»»

text \<open>Expand the nonnegative quadratic form of W at the difference of the preimages
  of x under W and S.\<close>
lemma quadratic_form_matrix_inv_antimono:
  assumes W: "pos_def_mat W" and SW: "pos_semidef_mat (S - W)"
  shows "x \<bullet> (matrix_inv S *v x) \<le> x \<bullet> (matrix_inv W *v x)"
proof -
  have S: "pos_def_mat S" using pos_def_mat_add_semidef[OF W SW] by simp
  define y where "y = matrix_inv S *v x"
  define z where "z = matrix_inv W *v x"
  have Sy: "S *v y = x" and Wz: "W *v z = x"
    by (simp_all add: y_def z_def matrix_vector_mul_assoc matrix_inv_right pos_def_mat_invertible S W)
  have "0 \<le> (z - y) \<bullet> (W *v (z - y))"
    using pos_def_mat_imp_semidef[OF W] by (simp add: pos_semidef_mat_def)
  also have "\<dots> = z \<bullet> (W *v z) - 2 * (y \<bullet> (W *v z)) + y \<bullet> (W *v y)"
    using symmetric_matrix_inner_commute[of W z y] W
    by (simp add: pos_def_mat_def algebra_simps inner_commute)
  also have "\<dots> = x \<bullet> z - 2 * (x \<bullet> y) + y \<bullet> (W *v y)"
    using Wz by (simp add: inner_commute)
  finally have "0 \<le> x \<bullet> z - 2 * (x \<bullet> y) + y \<bullet> (W *v y)" .
  moreover have "y \<bullet> (W *v y) \<le> x \<bullet> y"
    using SW Sy unfolding pos_semidef_mat_def
    by (auto simp: matrix_vector_mult_diff_rdistrib inner_diff_right inner_commute)
  ultimately show ?thesis unfolding y_def z_def by linarith
qed

lemma trace_matrix_inv_antimono:
  assumes "pos_def_mat W" "pos_semidef_mat (S - W)"
  shows "trace (matrix_inv S) \<le> trace (matrix_inv W)"
  unfolding trace_def
  by (intro sum_mono) (simp only: diag_eq_inner_axis quadratic_form_matrix_inv_antimono[OF assms])

section \<open>The spectral theorem\<close>

lemma quadratic_nonpos_imp_linear_coeff_zero:
  fixes a d :: real
  assumes "\<And>t. 2 * t * a + t^2 * d \<le> 0"
  shows "a = 0"
proof (rule ccontr)
  assume "a \<noteq> 0"
  define s where "s = \<bar>d\<bar> + 1"
  have "s > 0" "2 * s + d > 0" unfolding s_def by auto
  have "2 * (a / s) * a + (a / s)^2 * d \<le> 0" by (rule assms)
  then have "a * a * (2 * s + d) \<le> 0"
    using \<open>s > 0\<close> by (simp add: field_simps power2_eq_square)
  moreover have "a * a > 0" using \<open>a \<noteq> 0\<close> not_real_square_gt_zero by blast
  then have "a * a * (2 * s + d) > 0" using \<open>2 * s + d > 0\<close> by (rule mult_pos_pos)
  ultimately show False by simp
qed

««

- _WHAT THIS TASK INVOLVES_
Check each line of the material for the word "bullet". Copy the ones that have it.

- _REPLY_
  shows "x \<bullet> (matrix_inv S *v x) \<le> x \<bullet> (matrix_inv W *v x)"
  have "0 \<le> (z - y) \<bullet> (W *v (z - y))"
  also have "\<dots> = z \<bullet> (W *v z) - 2 * (y \<bullet> (W *v z)) + y \<bullet> (W *v y)"
  also have "\<dots> = x \<bullet> z - 2 * (x \<bullet> y) + y \<bullet> (W *v y)"
  finally have "0 \<le> x \<bullet> z - 2 * (x \<bullet> y) + y \<bullet> (W *v y)" .
  moreover have "y \<bullet> (W *v y) \<le> x \<bullet> y"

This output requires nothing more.